[DATA SUPPLIED]

(* Let $\mathcal{A}$ be a (finite) activation algebra, $O$ a finite set of objects of $\mathcal{T}_\mathcal{A}$, $S\in O$, and $M$ a set of morphisms of $\mathcal{T}_\mathcal{A}$ whose domains and codomains lie in $O$. Then the Safra automaton $\mathfrak{S}(\mathcal{A},S,M)$ accepts a sequence $\tau\in M^\omega$ if and only if $\mathrm{dom}(\tau_0)=S$ and $\tau$ describes a path through $\mathcal{T}_\mathcal{A}$ which satisfies the trace condition.
   Context: An activation algebra $\mathcal{A}=(A,\le,\vee,0,\alpha)$ is a finite join-semilattice $(A,\le,\vee)$ with least element $0$, together with a distinguished element $\alpha\in A$ with $\alpha\neq 0$. The category $\mathcal{T}_\mathcal{A}$ has the finite sets as objects; a morphism $R\colon X\to Y$ is a relation $R\subseteq X\times A\times Y$; the composite of $R\colon X\to Y$ and $R'\colon Y\to Z$ is $R'\circ R=\{(x,c,z)\mid \exists y\in Y,\ a,b\in A:\ (x,a,y)\in R,\ (y,b,z)\in R',\ a\vee b=c\}$, and the identity is $1_X=\{(x,0,x)\mid x\in X\}$. A sequence $\tau\in M^\omega$ of morphisms describes a path if $\mathrm{cod}(\tau_i)=\mathrm{dom}(\tau_{i+1})$ for all $i$; write $P(n<m)=\tau_{m-1}\circ\cdots\circ\tau_n$ for $n<m$. Such a path satisfies the trace condition if there exist a strictly increasing sequence $k_0<k_1<\cdots$ of natural numbers and elements $s_i\in\mathrm{dom}(\tau_{k_i})$ with $(s_i,\alpha,s_{i+1})\in P(k_i<k_{i+1})$ for all $i$. Safra boards. Fix a countable set $\mathcal{C}\supseteq\omega$ of chips. A Safra board on $\mathcal{A}$ and a finite set $X$ is a pair $(\Theta,\sigma)$ where the control $\Theta\subseteq\mathcal{C}$ is a finite set with a linear order $\le$, and $\sigma\colon X\times A\to\mathcal{P}(\mathcal{P}(\Theta))$, such that every $\gamma\in\Theta$ belongs to some $S\in\sigma(x,a)$. The elements $S\in\sigma(x,a)$ are called stacks (bottom = $\le$-least, top = $\le$-greatest element). A chip $\gamma\in\Theta$ is covered if it is not the top element of any stack $S\in\sigma(x,a)$, for any $x,a$. Stacks are linearly ordered by $S<_\Theta S'$ iff $S$ contains the $\le$-least element of the symmetric difference $(S\setminus S')\cup(S'\setminus S)$. Transitions between boards: (i) $\tau$-successor, for $\tau\colon X\to Y$: first let $\sigma^*(y,a)=\{S\mid S\in\sigma(x,b)\text{ for some }x\in X,b\in A, c\in A \text{ with }(x,c,y)\in\tau\text{ and }a=b\vee c\}$ and let $\Theta^*$ be the set of chips occurring in some stack of $\sigma^*$, with the inherited order. Then choose a finite linearly ordered $\Theta^\circ\subseteq\mathcal{C}\setminus\Theta$ and a bijection $\iota$ from $\{y\in Y\mid\sigma^*(y,\alpha)\neq\emptyset\}$ onto $\Theta^\circ$, and set $\sigma'(y,\alpha)=\emptyset$, $\sigma'(y,0)=\sigma^*(y,0)\cup\{S\cup\{\iota(y)\}\mid S\in\sigma^*(y,\alpha)\}$, $\sigma'(y,a)=\sigma^*(y,a)$ for $a\notin\{0,\alpha\}$, and $\Theta'=\Theta^*\oplus\Theta^\circ$ (all elements of $\Theta^*$ below all elements of $\Theta^\circ$). (ii) Thinning: $\sigma'(x,a)=\{\min_{<_\Theta}\sigma(x,a)\}$ if $\sigma(x,a)\neq\emptyset$, else $\emptyset$; $\Theta'$ the chips still occurring. (iii) $\gamma$-reset for a covered $\gamma\in\Theta$: for a stack $S$ let $S{\upharpoonright}\gamma=\{z\in S\mid z\le\gamma\}$ if $\gamma\in S$ and $S{\upharpoonright}\gamma=S$ otherwise; $\sigma'(x,a)=\{S{\upharpoonright}\gamma\mid S\in\sigma(x,a)\}$, $\Theta'$ the chips still occurring. (iv) Population: $\Theta'=\Theta$, $\sigma(x,0)\subseteq\sigma'(x,0)\subseteq\sigma(x,0)\cup\{\emptyset\}$, $\sigma'(x,a)=\sigma(x,a)$ for $a\neq0$. A greedy $\tau$-transition from $(\Theta,\sigma)$ is the sequence: with $\gamma_1<\dots<\gamma_k$ all chips covered in $(\Theta,\sigma)$, perform the resets $R_{\gamma_k},\dots,R_{\gamma_1}$ in this order; then the population replacing every $\sigma(x,0)=\emptyset$ by $\{\emptyset\}$ and changing nothing else; then a $\tau$-successor step; then the thinning. $K$-sparse boards: for $K\ge|X|$ let $\overline{K}=\{n\in\omega\mid n<K\cdot(|A|+1)\}$. A board $(\Theta,\sigma)$ on $X$ is $K$-sparse if $\Theta\subseteq\overline{K}$, $|\Theta|\le K\cdot|A|$, $|\sigma(x,a)|\le1$ for all $(x,a)$, and $\sigma(x,\alpha)=\emptyset$ for all $x$. For $K\ge|X|,|Y|$, every $K$-sparse board $(\Theta,\sigma)$ on $X$ and every $\tau\colon X\to Y$ there exists a greedy $\tau$-transition $(\Theta,\sigma)=(\Theta_0,\sigma_0)\to\dots\to(\Theta_n,\sigma_n)$ with $(\Theta_n,\sigma_n)$ $K$-sparse and $\Theta_n\cap\Theta_0=\bigcap_{i\le n}\Theta_i$; fix once and for all one such result board and denote it $g_\tau(\Theta,\sigma)$. Safra automaton. Let $K=\max_{X\in O}|X|$. $\mathfrak{S}(\mathcal{A},S,M)$ is the deterministic Rabin word automaton over the alphabet $M$ with state set $Q=\{(X,(\Theta,\sigma))\mid X\in O,\ (\Theta,\sigma)\text{ a }K\text{-sparse board on }X\}$, initial state $(S,(\emptyset,(x,a)\mapsto\emptyset))$, and partial transition function mapping state $(X,(\Theta,\sigma))$ and letter $\tau\colon X\to Y$ to $(Y,g_\tau(\Theta,\sigma))$ (undefined if $\mathrm{dom}(\tau)\neq X$). Its acceptance condition is the set of pairs $(G_\gamma,B_\gamma)$ for $\gamma\in\overline{K}$, where $G_\gamma=\{(X,(\Theta,\sigma))\in Q\mid\gamma\in\Theta,\ \gamma\text{ covered}\}$ and $B_\gamma=\{(X,(\Theta,\sigma))\in Q\mid\gamma\notin\Theta\}$. A word $\tau\in M^\omega$ is accepted iff the (unique) run on $\tau$ exists (is infinite) and for some $\gamma$ it visits $G_\gamma$ infinitely often and $B_\gamma$ only finitely often. *)

theory Defs
  imports Main "HOL-Library.Countable"
begin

[/DATA SUPPLIED]

YOUR ASSIGNMENT: The data above should be copied exactly, with no line omitted.

WORKED SOLUTION:
(* Let $\mathcal{A}$ be a (finite) activation algebra, $O$ a finite set of objects of $\mathcal{T}_\mathcal{A}$, $S\in O$, and $M$ a set of morphisms of $\mathcal{T}_\mathcal{A}$ whose domains and codomains lie in $O$. Then the Safra automaton $\mathfrak{S}(\mathcal{A},S,M)$ accepts a sequence $\tau\in M^\omega$ if and only if $\mathrm{dom}(\tau_0)=S$ and $\tau$ describes a path through $\mathcal{T}_\mathcal{A}$ which satisfies the trace condition.
   Context: An activation algebra $\mathcal{A}=(A,\le,\vee,0,\alpha)$ is a finite join-semilattice $(A,\le,\vee)$ with least element $0$, together with a distinguished element $\alpha\in A$ with $\alpha\neq 0$. The category $\mathcal{T}_\mathcal{A}$ has the finite sets as objects; a morphism $R\colon X\to Y$ is a relation $R\subseteq X\times A\times Y$; the composite of $R\colon X\to Y$ and $R'\colon Y\to Z$ is $R'\circ R=\{(x,c,z)\mid \exists y\in Y,\ a,b\in A:\ (x,a,y)\in R,\ (y,b,z)\in R',\ a\vee b=c\}$, and the identity is $1_X=\{(x,0,x)\mid x\in X\}$. A sequence $\tau\in M^\omega$ of morphisms describes a path if $\mathrm{cod}(\tau_i)=\mathrm{dom}(\tau_{i+1})$ for all $i$; write $P(n<m)=\tau_{m-1}\circ\cdots\circ\tau_n$ for $n<m$. Such a path satisfies the trace condition if there exist a strictly increasing sequence $k_0<k_1<\cdots$ of natural numbers and elements $s_i\in\mathrm{dom}(\tau_{k_i})$ with $(s_i,\alpha,s_{i+1})\in P(k_i<k_{i+1})$ for all $i$. Safra boards. Fix a countable set $\mathcal{C}\supseteq\omega$ of chips. A Safra board on $\mathcal{A}$ and a finite set $X$ is a pair $(\Theta,\sigma)$ where the control $\Theta\subseteq\mathcal{C}$ is a finite set with a linear order $\le$, and $\sigma\colon X\times A\to\mathcal{P}(\mathcal{P}(\Theta))$, such that every $\gamma\in\Theta$ belongs to some $S\in\sigma(x,a)$. The elements $S\in\sigma(x,a)$ are called stacks (bottom = $\le$-least, top = $\le$-greatest element). A chip $\gamma\in\Theta$ is covered if it is not the top element of any stack $S\in\sigma(x,a)$, for any $x,a$. Stacks are linearly ordered by $S<_\Theta S'$ iff $S$ contains the $\le$-least element of the symmetric difference $(S\setminus S')\cup(S'\setminus S)$. Transitions between boards: (i) $\tau$-successor, for $\tau\colon X\to Y$: first let $\sigma^*(y,a)=\{S\mid S\in\sigma(x,b)\text{ for some }x\in X,b\in A, c\in A \text{ with }(x,c,y)\in\tau\text{ and }a=b\vee c\}$ and let $\Theta^*$ be the set of chips occurring in some stack of $\sigma^*$, with the inherited order. Then choose a finite linearly ordered $\Theta^\circ\subseteq\mathcal{C}\setminus\Theta$ and a bijection $\iota$ from $\{y\in Y\mid\sigma^*(y,\alpha)\neq\emptyset\}$ onto $\Theta^\circ$, and set $\sigma'(y,\alpha)=\emptyset$, $\sigma'(y,0)=\sigma^*(y,0)\cup\{S\cup\{\iota(y)\}\mid S\in\sigma^*(y,\alpha)\}$, $\sigma'(y,a)=\sigma^*(y,a)$ for $a\notin\{0,\alpha\}$, and $\Theta'=\Theta^*\oplus\Theta^\circ$ (all elements of $\Theta^*$ below all elements of $\Theta^\circ$). (ii) Thinning: $\sigma'(x,a)=\{\min_{<_\Theta}\sigma(x,a)\}$ if $\sigma(x,a)\neq\emptyset$, else $\emptyset$; $\Theta'$ the chips still occurring. (iii) $\gamma$-reset for a covered $\gamma\in\Theta$: for a stack $S$ let $S{\upharpoonright}\gamma=\{z\in S\mid z\le\gamma\}$ if $\gamma\in S$ and $S{\upharpoonright}\gamma=S$ otherwise; $\sigma'(x,a)=\{S{\upharpoonright}\gamma\mid S\in\sigma(x,a)\}$, $\Theta'$ the chips still occurring. (iv) Population: $\Theta'=\Theta$, $\sigma(x,0)\subseteq\sigma'(x,0)\subseteq\sigma(x,0)\cup\{\emptyset\}$, $\sigma'(x,a)=\sigma(x,a)$ for $a\neq0$. A greedy $\tau$-transition from $(\Theta,\sigma)$ is the sequence: with $\gamma_1<\dots<\gamma_k$ all chips covered in $(\Theta,\sigma)$, perform the resets $R_{\gamma_k},\dots,R_{\gamma_1}$ in this order; then the population replacing every $\sigma(x,0)=\emptyset$ by $\{\emptyset\}$ and changing nothing else; then a $\tau$-successor step; then the thinning. $K$-sparse boards: for $K\ge|X|$ let $\overline{K}=\{n\in\omega\mid n<K\cdot(|A|+1)\}$. A board $(\Theta,\sigma)$ on $X$ is $K$-sparse if $\Theta\subseteq\overline{K}$, $|\Theta|\le K\cdot|A|$, $|\sigma(x,a)|\le1$ for all $(x,a)$, and $\sigma(x,\alpha)=\emptyset$ for all $x$. For $K\ge|X|,|Y|$, every $K$-sparse board $(\Theta,\sigma)$ on $X$ and every $\tau\colon X\to Y$ there exists a greedy $\tau$-transition $(\Theta,\sigma)=(\Theta_0,\sigma_0)\to\dots\to(\Theta_n,\sigma_n)$ with $(\Theta_n,\sigma_n)$ $K$-sparse and $\Theta_n\cap\Theta_0=\bigcap_{i\le n}\Theta_i$; fix once and for all one such result board and denote it $g_\tau(\Theta,\sigma)$. Safra automaton. Let $K=\max_{X\in O}|X|$. $\mathfrak{S}(\mathcal{A},S,M)$ is the deterministic Rabin word automaton over the alphabet $M$ with state set $Q=\{(X,(\Theta,\sigma))\mid X\in O,\ (\Theta,\sigma)\text{ a }K\text{-sparse board on }X\}$, initial state $(S,(\emptyset,(x,a)\mapsto\emptyset))$, and partial transition function mapping state $(X,(\Theta,\sigma))$ and letter $\tau\colon X\to Y$ to $(Y,g_\tau(\Theta,\sigma))$ (undefined if $\mathrm{dom}(\tau)\neq X$). Its acceptance condition is the set of pairs $(G_\gamma,B_\gamma)$ for $\gamma\in\overline{K}$, where $G_\gamma=\{(X,(\Theta,\sigma))\in Q\mid\gamma\in\Theta,\ \gamma\text{ covered}\}$ and $B_\gamma=\{(X,(\Theta,\sigma))\in Q\mid\gamma\notin\Theta\}$. A word $\tau\in M^\omega$ is accepted iff the (unique) run on $\tau$ exists (is infinite) and for some $\gamma$ it visits $G_\gamma$ infinitely often and $B_\gamma$ only finitely often. *)

theory Defs
  imports Main "HOL-Library.Countable"
begin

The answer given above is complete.